◆ WHAT IS BEING ASKED
A single figure is wanted: the count of lines below containing the string "close".

◆ RECORDS FOR PROCESSING
(* Let $f$, strategies $\sigma_k$ and half-lines $w^{(k)}$ be produced by Algorithm 1 (as described in the context). Then for every iteration $k$ for which $\sigma_{k+1}$ is defined, $\chi(f^{(\sigma_{k+1})})\le\chi(f^{(\sigma_k)})$.
   Context: Setting: $f:\mathbb{R}^n\to\mathbb{R}^n$ with $f_i(x)=\min_{a\in A_i}f^a_i(x)$, where each $A_i$ is finite and each $f^a_i:\mathbb{R}^n\to\mathbb{R}$ is polyhedral (piecewise affine on finitely many polyhedra covering $\mathbb{R}^n$), order-preserving ($x\le y\Rightarrow f^a_i(x)\le f^a_i(y)$), additively homogeneous ($f^a_i(\lambda+x)=\lambda+f^a_i(x)$) and convex. A strategy is a map $\sigma$ with $\sigma(i)\in A_i$ for each $i\in[n]$; $f^{(\sigma)}$ is the map with coordinates $f^{(\sigma)}_i=f^{\sigma(i)}_i$. For a polyhedral order-preserving additively homogeneous $g$, the cycle time $\chi(g)=\lim_k g^k(x)/k$ exists. A half-line is $w:t\mapsto t\eta+v$ considered for $t$ large (germ at infinity); it is invariant under $g$ if $g(w(t))=w(t+1)$ for all $t$ large, super-invariant if $g(w(t))\le w(t+1)$ for all $t$ large; every such $g$ has an invariant half-line, whose slope equals $\chi(g)$. Half-lines are compared coordinatewise for $t$ large. For polyhedral convex order-preserving additively homogeneous $g$ with $\eta=\chi(g)$: $\hat g(\eta)=\lim_t g(t\eta)/t$, $\hat g^{\eta}(v)=\lim_t(g(t\eta+v)-t\hat g(\eta))$, $\bar g=\hat g^{\eta}-\eta$; for a super-invariant half-line $w:t\mapsto t\eta+v$ of $g$ with $\eta=\chi(g)$, $Q_g(w)$ denotes the half-line $t\mapsto t\eta+\lim_k\bar g^k(v)$, which is the unique invariant half-line of $g$ agreeing with $w$ on the critical nodes of $g$. Algorithm 1: (1) $k=0$; choose a strategy $\sigma_0$ and an invariant half-line $w^{(0)}:t\mapsto t\eta^{(0)}+v^{(0)}$ of $f^{(\sigma_0)}$. (2) If $f(w^{(k)}(t))=w^{(k)}(t+1)$ for $t$ large, stop, returning $w^{(k)}$ and $\sigma_k$. (3) Otherwise choose $\sigma_{k+1}$ with $f(w^{(k)}(t))=f^{(\sigma_{k+1})}(w^{(k)}(t))$ for $t$ large, conservatively: for each $i$, $\sigma_{k+1}(i)=\sigma_k(i)$ whenever $f_i(w^{(k)}(t))=f^{(\sigma_k)}_i(w^{(k)}(t))$ for $t$ large. (4) Compute any invariant half-line $t\mapsto t\eta^{(k+1)}+v'$ of $f^{(\sigma_{k+1})}$; if $\eta^{(k+1)}\neq\eta^{(k)}$ set $w^{(k+1)}:t\mapsto t\eta^{(k+1)}+v'$ and go to (6). (5) Otherwise (degenerate iteration) set $w^{(k+1)}=Q_{f^{(\sigma_{k+1})}}(w^{(k)})$. (6) Increase $k$ by one and go to (2). *)

theory Defs
  imports "HOL-Analysis.Analysis"
begin

text \<open>Vectors of R^n are represented as real^'n for a finite index type 'n;
  the order on real^'n is the coordinatewise order of the library.\<close>

definition polyhedral_fun :: "(real^'n \<Rightarrow> real) \<Rightarrow> bool" where
  "polyhedral_fun g \<longleftrightarrow>
     (\<exists>P. finite P \<and> (\<forall>S\<in>P. polyhedron S) \<and> \<Union>P = UNIV \<and>
          (\<forall>S\<in>P. \<exists>a b. \<forall>x\<in>S. g x = a \<bullet> x + b))"

definition order_preserving_fun :: "(real^'n \<Rightarrow> real) \<Rightarrow> bool" where
  "order_preserving_fun g \<longleftrightarrow> (\<forall>x y. x \<le> y \<longrightarrow> g x \<le> g y)"

definition add_homogeneous_fun :: "(real^'n \<Rightarrow> real) \<Rightarrow> bool" where
  "add_homogeneous_fun g \<longleftrightarrow> (\<forall>c x. g (vec c + x) = c + g x)"

definition minmap :: "('n \<Rightarrow> 'a \<Rightarrow> (real^'n \<Rightarrow> real)) \<Rightarrow> ('n \<Rightarrow> 'a set) \<Rightarrow> real^'n \<Rightarrow> real^'n" where
  "minmap F A x = (\<chi> i. Min ((\<lambda>a. F i a x) ` A i))"

definition is_strategy :: "('n \<Rightarrow> 'a set) \<Rightarrow> ('n \<Rightarrow> 'a) \<Rightarrow> bool" where
  "is_strategy A \<sigma> \<longleftrightarrow> (\<forall>i. \<sigma> i \<in> A i)"

definition strat_map :: "('n \<Rightarrow> 'a \<Rightarrow> (real^'n \<Rightarrow> real)) \<Rightarrow> ('n \<Rightarrow> 'a) \<Rightarrow> real^'n \<Rightarrow> real^'n" where
  "strat_map F \<sigma> x = (\<chi> i. F i (\<sigma> i) x)"

definition cycle_time :: "(real^'n \<Rightarrow> real^'n) \<Rightarrow> real^'n" where
  "cycle_time g = lim (\<lambda>k. (1 / real k) *\<^sub>R (g ^^ k) 0)"

definition half_line :: "(real^'n) \<times> (real^'n) \<Rightarrow> real \<Rightarrow> real^'n" where
  "half_line w t = t *\<^sub>R fst w + snd w"

definition invariant_hl :: "(real^'n \<Rightarrow> real^'n) \<Rightarrow> (real^'n) \<times> (real^'n) \<Rightarrow> bool" where
  "invariant_hl g w \<longleftrightarrow> (\<forall>\<^sub>F t in at_top. g (half_line w t) = half_line w (t + 1))"

definition super_invariant_hl :: "(real^'n \<Rightarrow> real^'n) \<Rightarrow> (real^'n) \<times> (real^'n) \<Rightarrow> bool" where
  "super_invariant_hl g w \<longleftrightarrow> (\<forall>\<^sub>F t in at_top. g (half_line w t) \<le> half_line w (t + 1))"

definition hat_map :: "(real^'n \<Rightarrow> real^'n) \<Rightarrow> real^'n \<Rightarrow> real^'n" where
  "hat_map g \<eta> = Lim at_top (\<lambda>t::real. (1 / t) *\<^sub>R g (t *\<^sub>R \<eta>))"

definition hat_map_at :: "(real^'n \<Rightarrow> real^'n) \<Rightarrow> real^'n \<Rightarrow> real^'n \<Rightarrow> real^'n" where
  "hat_map_at g \<eta> v = Lim at_top (\<lambda>t::real. g (t *\<^sub>R \<eta> + v) - t *\<^sub>R hat_map g \<eta>)"

definition bar_map :: "(real^'n \<Rightarrow> real^'n) \<Rightarrow> real^'n \<Rightarrow> real^'n \<Rightarrow> real^'n" where
  "bar_map g \<eta> v = hat_map_at g \<eta> v - \<eta>"

definition Q_hl :: "(real^'n \<Rightarrow> real^'n) \<Rightarrow> (real^'n) \<times> (real^'n) \<Rightarrow> (real^'n) \<times> (real^'n)" where
  "Q_hl g w = (fst w, lim (\<lambda>k. (bar_map g (fst w) ^^ k) (snd w)))"

definition alg1_init where
  "alg1_init F A \<sigma>0 w0 \<longleftrightarrow> is_strategy A \<sigma>0 \<and> invariant_hl (strat_map F \<sigma>0) w0"

text \<open>Steps (2)--(5) of Algorithm 1 going from (sigma_k, w^(k)) to (sigma_(k+1), w^(k+1)):
  the stopping test fails, sigma_(k+1) is chosen conservatively as in (3), and
  w^(k+1) is obtained as in (4)/(5).\<close>
definition alg1_step where
  "alg1_step F A \<sigma> w \<sigma>' w' \<longleftrightarrow>
     \<not> (\<forall>\<^sub>F t in at_top. minmap F A (half_line w t) = half_line w (t + 1)) \<and>
     is_strategy A \<sigma>' \<and>
     (\<forall>\<^sub>F t in at_top. minmap F A (half_line w t) = strat_map F \<sigma>' (half_line w t)) \<and>
     (\<forall>i. (\<forall>\<^sub>F t in at_top. minmap F A (half_line w t) $ i = strat_map F \<sigma> (half_line w t) $ i)
            \<longrightarrow> \<sigma>' i = \<sigma> i) \<and>
     (\<exists>\<eta>' v'. invariant_hl (strat_map F \<sigma>') (\<eta>', v') \<and>
        (if \<eta>' \<noteq> fst w then w' = (\<eta>', v') else w' = Q_hl (strat_map F \<sigma>') w))"

definition alg1_run where
  "alg1_run F A \<sigma> w N \<longleftrightarrow> alg1_init F A (\<sigma> 0) (w 0) \<and>
     (\<forall>k<N. alg1_step F A (\<sigma> k) (w k) (\<sigma> (Suc k)) (w (Suc k)))"

end

theory Submission
  imports Defs
begin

◆ RESULT
2